lemma sum_mset_image_insert:
  fixes c :: nat
  shows "sum_mset ` {M. set_mset M \<subseteq> insert c B} = {j * c + sum_mset X | j X. set_mset X \<subseteq> B}"
proof (intro equalityI subsetI)
  fix z assume "z \<in> sum_mset ` {M. set_mset M \<subseteq> insert c B}"
  then obtain M where M: "set_mset M \<subseteq> insert c B" "z = sum_mset M" by blast
  define X where "X = filter_mset (\<lambda>x. x \<noteq> c) M"
  have "M = filter_mset (\<lambda>x. x = c) M + X"
    unfolding X_def by (rule multiset_partition)
  also have "filter_mset (\<lambda>x. x = c) M = replicate_mset (count M c) c"
    by (rule filter_eq_replicate_mset)
  finally have "sum_mset M = sum_mset (replicate_mset (count M c) c + X)"
    by (rule arg_cong)
  then have "z = count M c * c + sum_mset X"
    using M(2) by simp
  moreover have "set_mset X \<subseteq> B"
    using M(1) unfolding X_def by auto
  ultimately show "z \<in> {j * c + sum_mset X | j X. set_mset X \<subseteq> B}" by blast
next
  fix z assume "z \<in> {j * c + sum_mset X | j X. set_mset X \<subseteq> B}"
  then obtain j X where "set_mset X \<subseteq> B" "z = j * c + sum_mset X" by blast
  then show "z \<in> sum_mset ` {M. set_mset M \<subseteq> insert c B}"
    by (intro image_eqI[of _ _ "replicate_mset j c + X"]) auto
qed

lemma sum_mset_lower_bound:
  fixes X :: "nat multiset"
  assumes "\<And>x. x \<in># X \<Longrightarrow> l \<le> c * x"
  shows "size X * l \<le> c * sum_mset X"
  using assms by (induction X) (auto simp: algebra_simps intro: add_mono)

lemma sum_mset_upper_bound:
  fixes X :: "nat multiset"
  assumes "\<And>x. x \<in># X \<Longrightarrow> c * x + d \<le> u"
  shows "c * sum_mset X + size X * d \<le> size X * u"
  using assms
proof (induction X)
  case (add x X)
  then have "c * x + d + (c * sum_mset X + size X * d) \<le> u + size X * u"
    by (intro add_mono) auto
  then show ?case
    by (simp add: algebra_simps)
qed simp

lemma binomial_count_identity:
  fixes k :: nat
  shows "Suc k * (4 + 3 * k + (Suc k choose 2)) + (Suc k choose 3)
       = 4 * (1 + k + (Suc k choose 2) + (Suc (Suc k) choose 3))"
proof -
  define c d where "c = k choose 2" and "d = Suc k choose 3"
  have c: "2 * c + k = k * k"
    using times_binomial_minus1_eq[of 2 k] by (cases k) (simp_all add: c_def)
  have d: "3 * d = Suc k * c"
    using times_binomial_minus1_eq[of 3 "Suc k"] by (simp add: c_def d_def)
  have "Suc k choose 2 = k + c"
    by (simp add: c_def numeral_2_eq_2)
  moreover have "Suc (Suc k) choose 3 = k + c + d"
    by (simp add: c_def d_def numeral_3_eq_3 numeral_2_eq_2)
  moreover have "Suc k * (4 + 3 * k + (k + c)) + d = 4 * (1 + k + (k + c) + (k + c + d))"
    using c d by (simp add: algebra_simps)
  ultimately show ?thesis
    by (simp add: d_def)
qed

locale B3_generators =
  fixes m :: nat and A :: "nat set"
  assumes finite_A: "finite A"
    and A_nonempty: "A \<noteq> {}"
    and A_lower: "\<And>x. x \<in> A \<Longrightarrow> 3 * m + 1 \<le> 2 * x"
    and A_upper: "\<And>x. x \<in> A \<Longrightarrow> 3 * x + 1 \<le> 5 * m"
    and B3: "\<And>X Y. set_mset X \<subseteq> A \<Longrightarrow> set_mset Y \<subseteq> A
              \<Longrightarrow> size X \<in> {1,2,3} \<Longrightarrow> size Y \<in> {1,2,3} \<Longrightarrow> X \<noteq> Y
              \<Longrightarrow> sum_mset X mod m \<noteq> sum_mset Y mod m"
begin

definition S :: "nat set" where
  "S = gen_sg (insert m A) (4 * m)"

definition level :: "nat \<Rightarrow> nat \<Rightarrow> nat set" where
  "level j k = (\<lambda>X. j * m + sum_mset X) ` multisets_of_size A k"

lemma m_ge_5: "5 \<le> m"
proof -
  obtain x where "x \<in> A"
    using A_nonempty by blast
  then have "3 * m + 1 \<le> 2 * x" "3 * x + 1 \<le> 5 * m"
    using A_lower A_upper by auto
  then show ?thesis
    by linarith
qed

lemma mem_levelE:
  assumes "x \<in> level j k"
  obtains X where "set_mset X \<subseteq> A" "size X = k" "x = j * m + sum_mset X"
  using assms unfolding level_def multisets_of_size_def by blast

lemma mem_levelI:
  "set_mset X \<subseteq> A \<Longrightarrow> j * m + sum_mset X \<in> level j (size X)"
  unfolding level_def multisets_of_size_def by blast

lemma level_0: "level j 0 = {j * m}"
  by (simp add: level_def)

lemma level_0_1: "level 0 1 = A"
proof (intro equalityI subsetI)
  fix x assume "x \<in> level 0 1"
  then obtain X where X: "set_mset X \<subseteq> A" "size X = 1" "x = sum_mset X"
    by (auto elim: mem_levelE)
  then obtain y where "X = {#y#}"
    using size_1_singleton_mset by blast
  then show "x \<in> A"
    using X by simp
next
  fix x assume "x \<in> A"
  then show "x \<in> level 0 1"
    using mem_levelI[of "{#x#}" 0] by simp
qed

lemma S_eq_levels: "S = (\<Union>j k. level j k) \<union> {4 * m..}"
  unfolding S_def gen_sg_eq_sum_mset_image[OF finite_insert[THEN iffD2, OF finite_A]]
    sum_mset_image_insert level_def multisets_of_size_def
  by blast

lemma level_subset_S: "level j k \<subseteq> S"
  using S_eq_levels by blast

lemma level_add:
  assumes "x \<in> level j k" "y \<in> level j' k'"
  shows "x + y \<in> level (j + j') (k + k')"
proof -
  obtain X Y where "set_mset X \<subseteq> A" "size X = k" "x = j * m + sum_mset X"
    and "set_mset Y \<subseteq> A" "size Y = k'" "y = j' * m + sum_mset Y"
    using assms by (auto elim!: mem_levelE)
  then show ?thesis
    using mem_levelI[of "X + Y" "j + j'"] by (simp add: algebra_simps)
qed

lemma level_bounds:
  assumes "x \<in> level j k"
  shows "(2 * j + 3 * k) * m + k \<le> 2 * x" and "3 * x + k \<le> (3 * j + 5 * k) * m"
proof -
  obtain X where X: "set_mset X \<subseteq> A" "size X = k" "x = j * m + sum_mset X"
    using assms by (rule mem_levelE)
  have "k * (3 * m + 1) \<le> 2 * sum_mset X"
    using sum_mset_lower_bound[of X "3 * m + 1" 2] X A_lower by auto
  then show "(2 * j + 3 * k) * m + k \<le> 2 * x"
    using X(3) by (simp add: algebra_simps)
  have "3 * sum_mset X + k * 1 \<le> k * (5 * m)"
    using sum_mset_upper_bound[of X 3 1 "5 * m"] X A_upper by auto
  then show "3 * x + k \<le> (3 * j + 5 * k) * m"
    using X(3) by (simp add: algebra_simps)
qed

lemma level_nonzero:
  assumes "x \<in> level j k" "j + k \<noteq> 0"
  shows "m \<le> x"
proof -
  have "2 * m \<le> (2 * j + 3 * k) * m"
    using assms(2) by (intro mult_right_mono) auto
  then show ?thesis
    using level_bounds(1)[OF assms(1)] by linarith
qed

lemma S_nonzero_ge:
  assumes "x \<in> S" "x \<noteq> 0"
  shows "m \<le> x"
proof (cases "4 * m \<le> x")
  case False
  then obtain j k where "x \<in> level j k"
    using assms(1) unfolding S_eq_levels by auto
  moreover have "j + k \<noteq> 0"
    using calculation assms(2) by (auto simp: level_0)
  ultimately show ?thesis
    by (rule level_nonzero)
qed simp

lemma level_bound_of_weight_lt_8:
  assumes "x \<in> level j k" "2 * j + 3 * k < 8"
  shows "3 * x \<le> 11 * m"
proof -
  have "3 * j + 5 * k \<le> 11"
    using assms(2) by presburger
  then have "(3 * j + 5 * k) * m \<le> 11 * m"
    by (rule mult_right_mono) simp
  then show ?thesis
    using level_bounds(2)[OF assms(1)] by linarith
qed

lemma level_less_4m_iff:
  assumes "x \<in> level j k"
  shows "x < 4 * m \<longleftrightarrow> 2 * j + 3 * k < 8"
proof
  assume "x < 4 * m"
  show "2 * j + 3 * k < 8"
  proof (rule ccontr)
    assume "\<not> 2 * j + 3 * k < 8"
    then have "8 * m \<le> (2 * j + 3 * k) * m"
      by (intro mult_right_mono) auto
    then show False
      using level_bounds(1)[OF assms] \<open>x < 4 * m\<close> by linarith
  qed
next
  assume "2 * j + 3 * k < 8"
  then show "x < 4 * m"
    using level_bound_of_weight_lt_8[OF assms] m_ge_5 by linarith
qed

lemma level_window_iff:
  assumes "x \<in> level j k"
  shows "4 * m \<le> x \<and> x < 5 * m \<longleftrightarrow> 2 * j + 3 * k \<in> {8, 9}"
proof
  assume x: "4 * m \<le> x \<and> x < 5 * m"
  have "2 * j + 3 * k < 10"
  proof (rule ccontr)
    assume "\<not> 2 * j + 3 * k < 10"
    then have "10 * m \<le> (2 * j + 3 * k) * m"
      by (intro mult_right_mono) auto
    then show False
      using level_bounds(1)[OF assms] x by linarith
  qed
  moreover have "\<not> 2 * j + 3 * k < 8"
    using level_less_4m_iff[OF assms] x by simp
  ultimately show "2 * j + 3 * k \<in> {8, 9}" by auto
next
  assume w: "2 * j + 3 * k \<in> {8, 9}"
  then have "4 * m \<le> x"
    using level_less_4m_iff[OF assms] by auto
  moreover have "x < 5 * m"
  proof -
    have "2 * j + 3 * k = 8 \<or> 2 * j + 3 * k = 9"
      using w by simp
    then have "3 * j + 5 * k \<le> 14 \<or> k = 3 \<and> j = 0"
      by presburger
    then consider "3 * j + 5 * k \<le> 14" | "k = 3" "j = 0"
      by blast
    then show ?thesis
    proof cases
      case 1
      then have "(3 * j + 5 * k) * m \<le> 14 * m"
        by (rule mult_right_mono) simp
      then show ?thesis
        using level_bounds(2)[OF assms] m_ge_5 by linarith
    next
      case 2
      then show ?thesis
        using level_bounds(2)[OF assms] by simp
    qed
  qed
  ultimately show "4 * m \<le> x \<and> x < 5 * m" ..
qed

lemma sum_mset_not_multiple:
  assumes "set_mset X \<subseteq> A" "size X \<in> {1, 2, 3}"
  shows "\<not> m dvd sum_mset X"
proof
  assume "m dvd sum_mset X"
  then obtain c where c: "sum_mset X = c * m"
    by (metis dvdE mult.commute)
  have "sum_mset X \<in> level 0 (size X)"
    using mem_levelI[OF assms(1), of 0] by simp
  note bounds = level_bounds[OF this, unfolded c]
  have "0 < size X"
    using assms(2) by auto
  then have "(3 * size X) * m < (2 * c) * m" "(3 * c) * m < (5 * size X) * m"
    using bounds unfolding mult_zero_right add_0_left mult.assoc by linarith+
  then have "3 * size X < 2 * c" "3 * c < 5 * size X"
    by simp_all
  then show False
    using assms(2) by auto
qed

lemma multiple_notin_level:
  assumes "k \<in> {1, 2, 3}"
  shows "j * m \<notin> level j' k"
proof
  assume "j * m \<in> level j' k"
  then obtain Y where Y: "set_mset Y \<subseteq> A" "size Y = k" "j * m = j' * m + sum_mset Y"
    by (rule mem_levelE)
  then have "sum_mset Y = (j - j') * m"
    by (simp add: diff_mult_distrib)
  then show False
    using sum_mset_not_multiple[OF Y(1)] Y(2) assms by simp
qed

◆ ◆ ◆

#### [Problem to work on]
Give back exactly the lines of the listing above, starting with its first line and ending with the line that holds "(\<lambda>x. x = c) M +".

#### [Solution to this task]
lemma sum_mset_image_insert:
  fixes c :: nat
  shows "sum_mset ` {M. set_mset M \<subseteq> insert c B} = {j * c + sum_mset X | j X. set_mset X \<subseteq> B}"
proof (intro equalityI subsetI)
  fix z assume "z \<in> sum_mset ` {M. set_mset M \<subseteq> insert c B}"
  then obtain M where M: "set_mset M \<subseteq> insert c B" "z = sum_mset M" by blast
  define X where "X = filter_mset (\<lambda>x. x \<noteq> c) M"
  have "M = filter_mset (\<lambda>x. x = c) M + X"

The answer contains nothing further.